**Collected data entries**
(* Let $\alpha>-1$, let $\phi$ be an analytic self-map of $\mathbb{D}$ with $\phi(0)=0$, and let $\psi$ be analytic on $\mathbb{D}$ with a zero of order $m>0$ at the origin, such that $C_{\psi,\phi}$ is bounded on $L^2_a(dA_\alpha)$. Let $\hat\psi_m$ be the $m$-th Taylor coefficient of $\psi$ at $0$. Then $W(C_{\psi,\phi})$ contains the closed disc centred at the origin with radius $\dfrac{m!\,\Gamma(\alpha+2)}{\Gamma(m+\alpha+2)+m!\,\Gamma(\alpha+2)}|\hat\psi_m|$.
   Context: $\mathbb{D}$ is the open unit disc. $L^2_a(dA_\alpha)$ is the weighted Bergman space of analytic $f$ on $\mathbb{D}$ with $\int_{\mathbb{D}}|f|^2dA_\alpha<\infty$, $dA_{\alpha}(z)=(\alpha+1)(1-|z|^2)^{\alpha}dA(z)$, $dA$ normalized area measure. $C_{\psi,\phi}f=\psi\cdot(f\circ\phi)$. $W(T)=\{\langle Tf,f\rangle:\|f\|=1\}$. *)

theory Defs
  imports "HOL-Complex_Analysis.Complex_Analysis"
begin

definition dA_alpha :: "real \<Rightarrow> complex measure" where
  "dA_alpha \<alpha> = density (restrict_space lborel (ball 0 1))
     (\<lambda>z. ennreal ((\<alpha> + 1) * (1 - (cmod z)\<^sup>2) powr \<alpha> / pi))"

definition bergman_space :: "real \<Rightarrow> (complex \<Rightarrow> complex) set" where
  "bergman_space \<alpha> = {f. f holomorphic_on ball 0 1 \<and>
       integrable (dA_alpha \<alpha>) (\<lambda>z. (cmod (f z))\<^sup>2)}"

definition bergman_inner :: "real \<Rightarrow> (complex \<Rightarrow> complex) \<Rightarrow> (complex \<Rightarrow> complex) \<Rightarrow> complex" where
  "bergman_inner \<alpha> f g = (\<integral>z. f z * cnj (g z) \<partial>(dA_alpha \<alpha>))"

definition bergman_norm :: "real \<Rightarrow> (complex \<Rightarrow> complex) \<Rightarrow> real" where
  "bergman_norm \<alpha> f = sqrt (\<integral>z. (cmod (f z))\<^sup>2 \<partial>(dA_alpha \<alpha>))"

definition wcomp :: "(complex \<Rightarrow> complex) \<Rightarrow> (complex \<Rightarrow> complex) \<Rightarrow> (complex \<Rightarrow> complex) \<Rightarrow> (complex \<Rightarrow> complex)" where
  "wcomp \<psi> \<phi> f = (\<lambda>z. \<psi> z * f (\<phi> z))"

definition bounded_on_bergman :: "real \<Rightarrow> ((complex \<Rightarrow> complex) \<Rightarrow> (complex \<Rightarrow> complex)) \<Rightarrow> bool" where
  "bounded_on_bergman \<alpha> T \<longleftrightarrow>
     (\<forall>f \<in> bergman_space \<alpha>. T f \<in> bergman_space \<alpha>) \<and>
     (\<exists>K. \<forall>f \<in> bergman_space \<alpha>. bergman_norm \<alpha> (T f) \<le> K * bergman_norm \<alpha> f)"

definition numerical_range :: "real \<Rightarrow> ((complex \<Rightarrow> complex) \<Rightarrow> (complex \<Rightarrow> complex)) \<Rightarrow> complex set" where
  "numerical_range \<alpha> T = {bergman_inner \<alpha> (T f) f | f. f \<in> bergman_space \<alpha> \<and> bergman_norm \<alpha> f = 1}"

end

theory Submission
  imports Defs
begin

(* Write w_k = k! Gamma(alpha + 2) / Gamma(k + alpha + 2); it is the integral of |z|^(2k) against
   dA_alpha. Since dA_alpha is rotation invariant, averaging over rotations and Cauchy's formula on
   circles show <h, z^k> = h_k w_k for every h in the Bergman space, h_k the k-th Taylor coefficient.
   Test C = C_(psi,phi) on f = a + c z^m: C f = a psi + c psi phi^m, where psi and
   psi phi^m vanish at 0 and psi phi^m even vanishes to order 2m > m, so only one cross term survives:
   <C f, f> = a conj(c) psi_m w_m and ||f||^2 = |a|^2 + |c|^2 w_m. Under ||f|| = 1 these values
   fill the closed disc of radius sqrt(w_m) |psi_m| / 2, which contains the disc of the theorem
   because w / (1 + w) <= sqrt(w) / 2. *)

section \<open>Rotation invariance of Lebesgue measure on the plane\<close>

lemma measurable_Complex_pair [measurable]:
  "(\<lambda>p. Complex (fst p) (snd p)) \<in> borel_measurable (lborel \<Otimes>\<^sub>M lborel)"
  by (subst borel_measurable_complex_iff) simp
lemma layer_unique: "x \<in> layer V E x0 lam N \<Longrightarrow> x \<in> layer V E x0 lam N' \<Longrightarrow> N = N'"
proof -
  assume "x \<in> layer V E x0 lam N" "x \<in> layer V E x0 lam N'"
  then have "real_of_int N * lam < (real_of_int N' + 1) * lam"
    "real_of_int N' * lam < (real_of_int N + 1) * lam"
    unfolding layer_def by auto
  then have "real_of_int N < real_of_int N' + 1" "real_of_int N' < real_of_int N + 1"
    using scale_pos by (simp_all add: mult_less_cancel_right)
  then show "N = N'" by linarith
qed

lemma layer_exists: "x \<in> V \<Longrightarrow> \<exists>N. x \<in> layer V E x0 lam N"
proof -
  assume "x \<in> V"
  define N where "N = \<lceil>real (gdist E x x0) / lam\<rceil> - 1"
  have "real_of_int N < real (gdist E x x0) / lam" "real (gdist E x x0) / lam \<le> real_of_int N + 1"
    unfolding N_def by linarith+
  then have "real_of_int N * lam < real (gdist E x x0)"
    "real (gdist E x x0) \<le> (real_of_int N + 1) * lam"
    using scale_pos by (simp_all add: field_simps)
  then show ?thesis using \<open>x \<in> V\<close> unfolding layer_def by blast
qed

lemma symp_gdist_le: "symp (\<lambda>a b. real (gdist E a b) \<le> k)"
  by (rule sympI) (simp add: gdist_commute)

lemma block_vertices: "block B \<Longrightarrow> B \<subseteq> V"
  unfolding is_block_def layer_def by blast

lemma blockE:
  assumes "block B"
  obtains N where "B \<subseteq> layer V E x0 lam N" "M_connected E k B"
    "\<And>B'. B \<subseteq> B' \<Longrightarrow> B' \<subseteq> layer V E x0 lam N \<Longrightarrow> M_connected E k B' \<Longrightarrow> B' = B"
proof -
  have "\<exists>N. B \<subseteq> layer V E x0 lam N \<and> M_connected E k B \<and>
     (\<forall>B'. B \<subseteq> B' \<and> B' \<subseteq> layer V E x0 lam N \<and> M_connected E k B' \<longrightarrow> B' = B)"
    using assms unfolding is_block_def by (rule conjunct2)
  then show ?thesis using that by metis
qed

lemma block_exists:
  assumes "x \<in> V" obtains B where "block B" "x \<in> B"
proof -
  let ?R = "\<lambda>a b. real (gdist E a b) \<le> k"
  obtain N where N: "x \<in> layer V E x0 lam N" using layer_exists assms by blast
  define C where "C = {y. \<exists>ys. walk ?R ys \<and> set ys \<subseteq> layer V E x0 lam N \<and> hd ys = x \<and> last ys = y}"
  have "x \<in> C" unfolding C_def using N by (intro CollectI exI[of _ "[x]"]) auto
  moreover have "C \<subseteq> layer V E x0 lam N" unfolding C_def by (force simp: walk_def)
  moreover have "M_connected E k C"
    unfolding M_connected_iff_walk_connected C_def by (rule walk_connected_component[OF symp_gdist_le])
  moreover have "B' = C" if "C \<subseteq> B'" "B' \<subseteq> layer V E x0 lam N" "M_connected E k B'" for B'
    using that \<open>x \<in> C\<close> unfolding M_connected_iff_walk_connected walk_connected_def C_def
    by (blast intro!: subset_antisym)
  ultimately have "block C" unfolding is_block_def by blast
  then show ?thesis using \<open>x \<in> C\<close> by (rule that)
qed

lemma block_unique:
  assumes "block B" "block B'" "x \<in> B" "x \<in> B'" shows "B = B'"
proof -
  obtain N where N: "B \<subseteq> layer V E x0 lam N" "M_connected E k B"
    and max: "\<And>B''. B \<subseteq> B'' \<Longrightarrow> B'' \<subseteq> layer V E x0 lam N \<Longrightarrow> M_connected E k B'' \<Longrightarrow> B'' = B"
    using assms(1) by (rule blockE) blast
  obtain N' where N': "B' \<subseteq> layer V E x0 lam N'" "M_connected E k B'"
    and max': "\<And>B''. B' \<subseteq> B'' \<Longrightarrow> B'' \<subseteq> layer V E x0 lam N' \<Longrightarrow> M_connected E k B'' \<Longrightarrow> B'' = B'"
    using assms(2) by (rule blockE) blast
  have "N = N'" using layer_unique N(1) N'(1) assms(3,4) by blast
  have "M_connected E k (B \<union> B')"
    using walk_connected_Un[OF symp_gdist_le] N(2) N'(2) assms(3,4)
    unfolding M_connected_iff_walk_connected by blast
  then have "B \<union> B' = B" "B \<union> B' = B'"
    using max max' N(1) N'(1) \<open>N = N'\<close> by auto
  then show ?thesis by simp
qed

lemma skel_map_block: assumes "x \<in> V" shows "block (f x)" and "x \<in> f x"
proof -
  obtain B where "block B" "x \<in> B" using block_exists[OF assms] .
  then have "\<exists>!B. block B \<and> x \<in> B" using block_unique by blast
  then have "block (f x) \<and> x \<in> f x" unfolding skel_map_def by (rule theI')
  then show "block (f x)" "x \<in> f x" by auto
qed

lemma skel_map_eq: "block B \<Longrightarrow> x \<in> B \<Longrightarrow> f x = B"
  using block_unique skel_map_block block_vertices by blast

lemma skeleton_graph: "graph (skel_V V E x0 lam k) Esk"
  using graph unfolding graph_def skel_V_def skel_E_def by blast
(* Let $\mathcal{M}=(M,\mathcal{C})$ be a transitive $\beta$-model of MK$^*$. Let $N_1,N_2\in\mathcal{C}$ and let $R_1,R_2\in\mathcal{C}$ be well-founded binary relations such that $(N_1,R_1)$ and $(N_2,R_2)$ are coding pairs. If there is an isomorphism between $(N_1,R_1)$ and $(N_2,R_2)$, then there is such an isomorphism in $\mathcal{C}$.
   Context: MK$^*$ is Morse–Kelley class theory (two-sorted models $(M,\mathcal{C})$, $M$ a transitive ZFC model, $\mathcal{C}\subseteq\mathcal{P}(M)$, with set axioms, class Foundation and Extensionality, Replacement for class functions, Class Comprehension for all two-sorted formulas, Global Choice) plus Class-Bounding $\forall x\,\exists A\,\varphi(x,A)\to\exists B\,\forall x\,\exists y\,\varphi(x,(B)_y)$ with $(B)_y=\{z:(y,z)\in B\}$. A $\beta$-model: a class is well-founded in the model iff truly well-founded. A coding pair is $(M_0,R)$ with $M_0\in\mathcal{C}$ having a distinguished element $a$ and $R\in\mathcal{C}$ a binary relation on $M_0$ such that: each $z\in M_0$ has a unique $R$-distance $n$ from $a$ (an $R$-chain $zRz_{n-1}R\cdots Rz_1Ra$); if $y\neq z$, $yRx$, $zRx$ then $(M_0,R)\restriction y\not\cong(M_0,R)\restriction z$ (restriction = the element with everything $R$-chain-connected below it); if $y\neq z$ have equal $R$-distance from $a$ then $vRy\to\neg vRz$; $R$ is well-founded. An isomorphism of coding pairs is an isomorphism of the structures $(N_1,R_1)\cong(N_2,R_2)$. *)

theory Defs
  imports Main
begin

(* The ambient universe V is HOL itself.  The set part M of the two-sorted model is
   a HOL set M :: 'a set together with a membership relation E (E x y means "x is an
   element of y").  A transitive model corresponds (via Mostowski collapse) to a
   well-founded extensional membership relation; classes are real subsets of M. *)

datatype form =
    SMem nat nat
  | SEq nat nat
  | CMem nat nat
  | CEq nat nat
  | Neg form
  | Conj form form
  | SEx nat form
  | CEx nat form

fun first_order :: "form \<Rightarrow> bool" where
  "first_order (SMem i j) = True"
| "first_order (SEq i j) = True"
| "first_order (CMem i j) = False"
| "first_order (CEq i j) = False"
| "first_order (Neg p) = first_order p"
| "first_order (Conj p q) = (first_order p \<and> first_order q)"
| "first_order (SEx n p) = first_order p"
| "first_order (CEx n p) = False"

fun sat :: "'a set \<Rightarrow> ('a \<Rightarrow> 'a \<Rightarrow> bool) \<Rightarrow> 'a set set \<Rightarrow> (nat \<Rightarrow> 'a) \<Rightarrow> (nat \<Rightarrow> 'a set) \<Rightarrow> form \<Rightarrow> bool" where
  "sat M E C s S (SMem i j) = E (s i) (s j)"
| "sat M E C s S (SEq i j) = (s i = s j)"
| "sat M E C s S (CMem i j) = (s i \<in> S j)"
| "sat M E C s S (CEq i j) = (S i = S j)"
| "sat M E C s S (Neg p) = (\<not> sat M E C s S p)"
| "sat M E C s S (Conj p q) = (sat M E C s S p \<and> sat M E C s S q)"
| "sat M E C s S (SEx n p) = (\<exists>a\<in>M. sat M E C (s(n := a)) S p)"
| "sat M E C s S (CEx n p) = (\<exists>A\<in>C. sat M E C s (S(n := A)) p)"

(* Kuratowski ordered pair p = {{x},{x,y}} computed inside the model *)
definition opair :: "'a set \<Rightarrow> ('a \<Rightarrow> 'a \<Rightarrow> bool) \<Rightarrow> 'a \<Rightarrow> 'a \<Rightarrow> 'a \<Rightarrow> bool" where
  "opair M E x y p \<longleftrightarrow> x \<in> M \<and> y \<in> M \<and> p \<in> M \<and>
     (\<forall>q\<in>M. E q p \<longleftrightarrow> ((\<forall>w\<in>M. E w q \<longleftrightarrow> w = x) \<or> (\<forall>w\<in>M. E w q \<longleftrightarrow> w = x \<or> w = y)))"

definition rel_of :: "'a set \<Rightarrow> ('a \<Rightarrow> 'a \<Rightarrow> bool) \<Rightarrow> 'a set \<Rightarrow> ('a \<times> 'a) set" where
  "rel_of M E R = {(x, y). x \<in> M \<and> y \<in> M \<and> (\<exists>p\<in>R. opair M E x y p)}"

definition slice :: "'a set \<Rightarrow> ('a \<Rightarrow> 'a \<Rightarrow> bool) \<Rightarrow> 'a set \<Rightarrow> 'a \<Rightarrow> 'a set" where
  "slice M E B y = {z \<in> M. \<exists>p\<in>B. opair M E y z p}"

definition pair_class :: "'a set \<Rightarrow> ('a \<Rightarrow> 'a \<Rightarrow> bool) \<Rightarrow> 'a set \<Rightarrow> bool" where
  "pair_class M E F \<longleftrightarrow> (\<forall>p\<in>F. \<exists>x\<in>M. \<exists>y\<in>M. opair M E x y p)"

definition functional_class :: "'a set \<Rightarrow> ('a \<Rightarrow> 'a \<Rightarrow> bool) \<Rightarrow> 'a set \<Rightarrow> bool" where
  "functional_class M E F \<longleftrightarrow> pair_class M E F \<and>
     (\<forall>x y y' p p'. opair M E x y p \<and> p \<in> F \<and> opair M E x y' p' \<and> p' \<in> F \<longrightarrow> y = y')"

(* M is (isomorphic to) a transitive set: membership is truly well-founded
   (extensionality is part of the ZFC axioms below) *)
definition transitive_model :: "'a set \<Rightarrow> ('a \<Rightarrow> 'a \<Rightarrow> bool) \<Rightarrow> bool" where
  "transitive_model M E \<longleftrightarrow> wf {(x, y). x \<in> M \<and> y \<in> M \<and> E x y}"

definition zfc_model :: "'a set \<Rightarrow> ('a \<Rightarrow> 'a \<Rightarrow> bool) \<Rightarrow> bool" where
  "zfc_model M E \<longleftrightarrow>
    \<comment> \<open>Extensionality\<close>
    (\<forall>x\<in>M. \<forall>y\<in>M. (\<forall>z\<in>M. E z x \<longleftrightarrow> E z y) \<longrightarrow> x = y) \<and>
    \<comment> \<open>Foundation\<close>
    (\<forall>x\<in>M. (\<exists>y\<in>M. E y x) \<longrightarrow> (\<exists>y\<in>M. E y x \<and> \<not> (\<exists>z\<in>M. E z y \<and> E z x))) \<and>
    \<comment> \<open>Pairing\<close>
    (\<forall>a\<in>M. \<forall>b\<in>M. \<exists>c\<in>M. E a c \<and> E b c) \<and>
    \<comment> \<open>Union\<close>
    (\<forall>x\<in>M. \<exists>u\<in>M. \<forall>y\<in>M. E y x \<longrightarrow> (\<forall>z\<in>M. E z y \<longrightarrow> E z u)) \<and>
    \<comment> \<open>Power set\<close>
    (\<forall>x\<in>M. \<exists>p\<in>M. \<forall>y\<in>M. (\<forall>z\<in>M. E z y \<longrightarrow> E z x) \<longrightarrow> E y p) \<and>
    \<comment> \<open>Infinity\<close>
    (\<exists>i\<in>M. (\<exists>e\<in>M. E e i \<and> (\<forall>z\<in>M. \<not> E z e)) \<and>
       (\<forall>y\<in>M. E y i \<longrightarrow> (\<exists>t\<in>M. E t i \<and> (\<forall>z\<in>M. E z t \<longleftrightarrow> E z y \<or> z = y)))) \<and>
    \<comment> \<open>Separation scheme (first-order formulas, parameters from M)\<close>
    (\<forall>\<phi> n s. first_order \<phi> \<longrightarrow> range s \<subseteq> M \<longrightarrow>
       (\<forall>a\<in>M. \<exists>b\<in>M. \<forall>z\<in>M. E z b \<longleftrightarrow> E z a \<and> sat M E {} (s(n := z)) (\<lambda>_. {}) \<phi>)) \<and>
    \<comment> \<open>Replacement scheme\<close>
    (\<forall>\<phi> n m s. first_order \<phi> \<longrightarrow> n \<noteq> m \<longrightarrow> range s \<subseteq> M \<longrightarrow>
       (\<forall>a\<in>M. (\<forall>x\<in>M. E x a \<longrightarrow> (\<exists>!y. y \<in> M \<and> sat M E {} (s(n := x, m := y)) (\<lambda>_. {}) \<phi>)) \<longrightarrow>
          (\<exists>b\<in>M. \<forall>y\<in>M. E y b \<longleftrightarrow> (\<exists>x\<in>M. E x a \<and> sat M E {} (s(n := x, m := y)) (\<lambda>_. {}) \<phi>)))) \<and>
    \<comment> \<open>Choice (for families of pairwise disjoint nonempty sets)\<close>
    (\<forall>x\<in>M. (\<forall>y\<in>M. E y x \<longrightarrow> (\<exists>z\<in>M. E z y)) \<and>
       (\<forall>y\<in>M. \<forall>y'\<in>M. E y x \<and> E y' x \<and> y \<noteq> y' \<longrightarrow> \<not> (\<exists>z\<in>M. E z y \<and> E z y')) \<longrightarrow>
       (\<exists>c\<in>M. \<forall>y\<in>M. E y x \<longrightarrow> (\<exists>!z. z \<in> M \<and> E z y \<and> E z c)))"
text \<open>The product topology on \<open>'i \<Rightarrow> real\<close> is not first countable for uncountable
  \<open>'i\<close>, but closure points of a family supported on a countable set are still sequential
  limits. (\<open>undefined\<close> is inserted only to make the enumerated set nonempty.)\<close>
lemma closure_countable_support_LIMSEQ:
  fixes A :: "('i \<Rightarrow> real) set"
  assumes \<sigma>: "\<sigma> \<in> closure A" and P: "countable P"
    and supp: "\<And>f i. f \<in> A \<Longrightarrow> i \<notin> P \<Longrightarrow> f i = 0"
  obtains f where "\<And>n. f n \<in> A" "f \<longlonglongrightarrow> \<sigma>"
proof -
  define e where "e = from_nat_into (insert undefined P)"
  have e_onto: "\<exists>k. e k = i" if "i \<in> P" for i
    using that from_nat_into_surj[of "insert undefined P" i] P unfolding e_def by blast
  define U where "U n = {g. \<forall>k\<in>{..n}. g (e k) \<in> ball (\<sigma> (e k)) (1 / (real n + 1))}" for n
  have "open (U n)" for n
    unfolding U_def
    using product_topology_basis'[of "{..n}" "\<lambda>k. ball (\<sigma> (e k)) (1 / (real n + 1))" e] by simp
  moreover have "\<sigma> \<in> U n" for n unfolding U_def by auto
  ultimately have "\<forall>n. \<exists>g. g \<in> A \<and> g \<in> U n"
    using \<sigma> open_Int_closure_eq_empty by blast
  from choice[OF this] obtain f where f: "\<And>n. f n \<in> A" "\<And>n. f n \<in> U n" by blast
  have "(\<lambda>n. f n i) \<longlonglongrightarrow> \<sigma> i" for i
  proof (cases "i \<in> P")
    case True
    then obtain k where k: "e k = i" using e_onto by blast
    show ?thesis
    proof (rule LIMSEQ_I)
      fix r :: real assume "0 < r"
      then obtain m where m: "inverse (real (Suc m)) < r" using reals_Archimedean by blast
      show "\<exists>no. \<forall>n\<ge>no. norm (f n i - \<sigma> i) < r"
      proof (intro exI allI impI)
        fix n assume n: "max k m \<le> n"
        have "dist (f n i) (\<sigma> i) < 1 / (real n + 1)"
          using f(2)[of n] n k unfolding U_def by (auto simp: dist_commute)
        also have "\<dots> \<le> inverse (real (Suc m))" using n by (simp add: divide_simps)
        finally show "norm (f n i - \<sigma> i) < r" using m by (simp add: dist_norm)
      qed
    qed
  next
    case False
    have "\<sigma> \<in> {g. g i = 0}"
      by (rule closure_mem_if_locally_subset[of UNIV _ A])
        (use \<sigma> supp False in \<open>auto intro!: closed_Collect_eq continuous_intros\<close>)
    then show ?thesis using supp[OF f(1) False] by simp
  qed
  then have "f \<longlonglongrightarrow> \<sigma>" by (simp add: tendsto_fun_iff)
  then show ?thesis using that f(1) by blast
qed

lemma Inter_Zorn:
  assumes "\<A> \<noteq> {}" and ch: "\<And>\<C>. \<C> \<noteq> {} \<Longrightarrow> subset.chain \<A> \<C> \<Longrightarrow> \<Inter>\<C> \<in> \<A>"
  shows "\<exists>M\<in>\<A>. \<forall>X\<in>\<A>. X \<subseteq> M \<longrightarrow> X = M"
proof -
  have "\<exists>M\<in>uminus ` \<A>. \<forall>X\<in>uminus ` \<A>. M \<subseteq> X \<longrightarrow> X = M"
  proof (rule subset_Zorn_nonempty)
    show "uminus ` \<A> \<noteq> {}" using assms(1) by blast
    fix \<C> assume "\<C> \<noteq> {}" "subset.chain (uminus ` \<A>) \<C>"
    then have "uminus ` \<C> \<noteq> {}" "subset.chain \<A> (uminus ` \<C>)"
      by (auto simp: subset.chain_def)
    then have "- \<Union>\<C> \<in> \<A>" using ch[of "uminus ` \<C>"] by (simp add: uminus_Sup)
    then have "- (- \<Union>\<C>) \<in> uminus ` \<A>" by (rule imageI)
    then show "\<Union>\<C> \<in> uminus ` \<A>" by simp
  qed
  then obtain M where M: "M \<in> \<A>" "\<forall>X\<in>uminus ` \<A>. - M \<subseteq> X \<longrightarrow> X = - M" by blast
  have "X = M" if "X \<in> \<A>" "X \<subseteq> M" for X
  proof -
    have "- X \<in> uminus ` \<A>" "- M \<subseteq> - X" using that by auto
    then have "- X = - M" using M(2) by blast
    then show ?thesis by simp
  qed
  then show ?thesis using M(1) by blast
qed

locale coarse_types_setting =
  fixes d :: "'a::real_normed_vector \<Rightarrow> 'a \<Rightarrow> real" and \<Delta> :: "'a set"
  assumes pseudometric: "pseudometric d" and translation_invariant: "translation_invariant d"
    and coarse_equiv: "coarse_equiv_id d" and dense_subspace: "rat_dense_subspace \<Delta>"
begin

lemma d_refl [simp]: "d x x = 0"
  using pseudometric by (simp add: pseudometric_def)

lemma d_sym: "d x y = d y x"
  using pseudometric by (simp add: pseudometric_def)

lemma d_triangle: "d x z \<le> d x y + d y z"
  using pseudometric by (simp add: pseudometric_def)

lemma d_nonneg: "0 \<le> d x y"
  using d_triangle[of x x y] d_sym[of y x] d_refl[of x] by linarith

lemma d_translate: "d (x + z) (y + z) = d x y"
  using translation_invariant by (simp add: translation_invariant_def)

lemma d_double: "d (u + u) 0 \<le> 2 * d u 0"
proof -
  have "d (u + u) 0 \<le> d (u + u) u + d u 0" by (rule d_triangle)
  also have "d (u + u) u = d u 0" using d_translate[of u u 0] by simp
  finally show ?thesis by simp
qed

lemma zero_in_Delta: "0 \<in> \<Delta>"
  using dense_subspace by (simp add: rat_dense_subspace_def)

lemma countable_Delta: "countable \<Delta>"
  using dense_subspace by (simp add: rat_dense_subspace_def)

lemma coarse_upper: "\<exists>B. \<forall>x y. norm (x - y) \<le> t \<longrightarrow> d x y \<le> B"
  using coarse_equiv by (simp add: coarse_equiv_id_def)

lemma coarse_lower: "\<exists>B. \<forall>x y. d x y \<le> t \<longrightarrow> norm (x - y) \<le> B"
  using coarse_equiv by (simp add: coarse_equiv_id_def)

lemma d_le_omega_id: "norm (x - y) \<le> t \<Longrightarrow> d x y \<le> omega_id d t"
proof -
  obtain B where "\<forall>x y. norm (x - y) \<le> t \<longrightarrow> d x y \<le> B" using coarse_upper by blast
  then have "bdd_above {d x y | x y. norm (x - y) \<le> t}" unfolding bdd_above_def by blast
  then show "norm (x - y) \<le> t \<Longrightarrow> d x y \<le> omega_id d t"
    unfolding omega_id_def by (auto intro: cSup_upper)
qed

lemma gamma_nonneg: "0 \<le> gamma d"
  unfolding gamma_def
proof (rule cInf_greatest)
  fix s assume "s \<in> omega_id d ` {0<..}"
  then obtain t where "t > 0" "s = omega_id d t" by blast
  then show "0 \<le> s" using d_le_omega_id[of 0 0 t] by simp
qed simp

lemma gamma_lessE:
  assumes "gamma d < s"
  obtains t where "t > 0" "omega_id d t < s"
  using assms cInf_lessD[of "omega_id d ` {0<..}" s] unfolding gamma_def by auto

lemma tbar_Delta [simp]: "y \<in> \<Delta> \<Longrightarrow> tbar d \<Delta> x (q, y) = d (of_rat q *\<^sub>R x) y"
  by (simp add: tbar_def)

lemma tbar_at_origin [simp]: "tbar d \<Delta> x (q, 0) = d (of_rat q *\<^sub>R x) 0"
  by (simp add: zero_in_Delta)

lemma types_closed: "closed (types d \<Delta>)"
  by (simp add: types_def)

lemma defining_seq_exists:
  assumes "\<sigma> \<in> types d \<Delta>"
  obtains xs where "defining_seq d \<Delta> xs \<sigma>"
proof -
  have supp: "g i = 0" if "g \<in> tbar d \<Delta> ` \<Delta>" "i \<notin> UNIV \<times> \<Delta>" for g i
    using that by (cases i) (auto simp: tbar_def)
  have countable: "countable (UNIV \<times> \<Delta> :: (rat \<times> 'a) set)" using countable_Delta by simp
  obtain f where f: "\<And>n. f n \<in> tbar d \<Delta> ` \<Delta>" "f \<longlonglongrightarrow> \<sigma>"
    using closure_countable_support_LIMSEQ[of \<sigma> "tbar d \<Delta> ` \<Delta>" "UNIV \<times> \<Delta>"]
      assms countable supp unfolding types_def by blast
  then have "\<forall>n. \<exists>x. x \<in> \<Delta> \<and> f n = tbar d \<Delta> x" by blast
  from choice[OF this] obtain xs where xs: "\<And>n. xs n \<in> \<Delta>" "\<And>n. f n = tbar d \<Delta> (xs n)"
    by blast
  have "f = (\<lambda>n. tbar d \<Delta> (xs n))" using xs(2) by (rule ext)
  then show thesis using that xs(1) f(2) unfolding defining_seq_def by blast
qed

**TASK**
Note every line of the entries in which "comment" appears, and copy it down.

**ANSWER SPACE**
    \<comment> \<open>Extensionality\<close>
    \<comment> \<open>Foundation\<close>
    \<comment> \<open>Pairing\<close>
    \<comment> \<open>Union\<close>
    \<comment> \<open>Power set\<close>
    \<comment> \<open>Infinity\<close>
    \<comment> \<open>Separation scheme (first-order formulas, parameters from M)\<close>
    \<comment> \<open>Replacement scheme\<close>
    \<comment> \<open>Choice (for families of pairwise disjoint nonempty sets)\<close>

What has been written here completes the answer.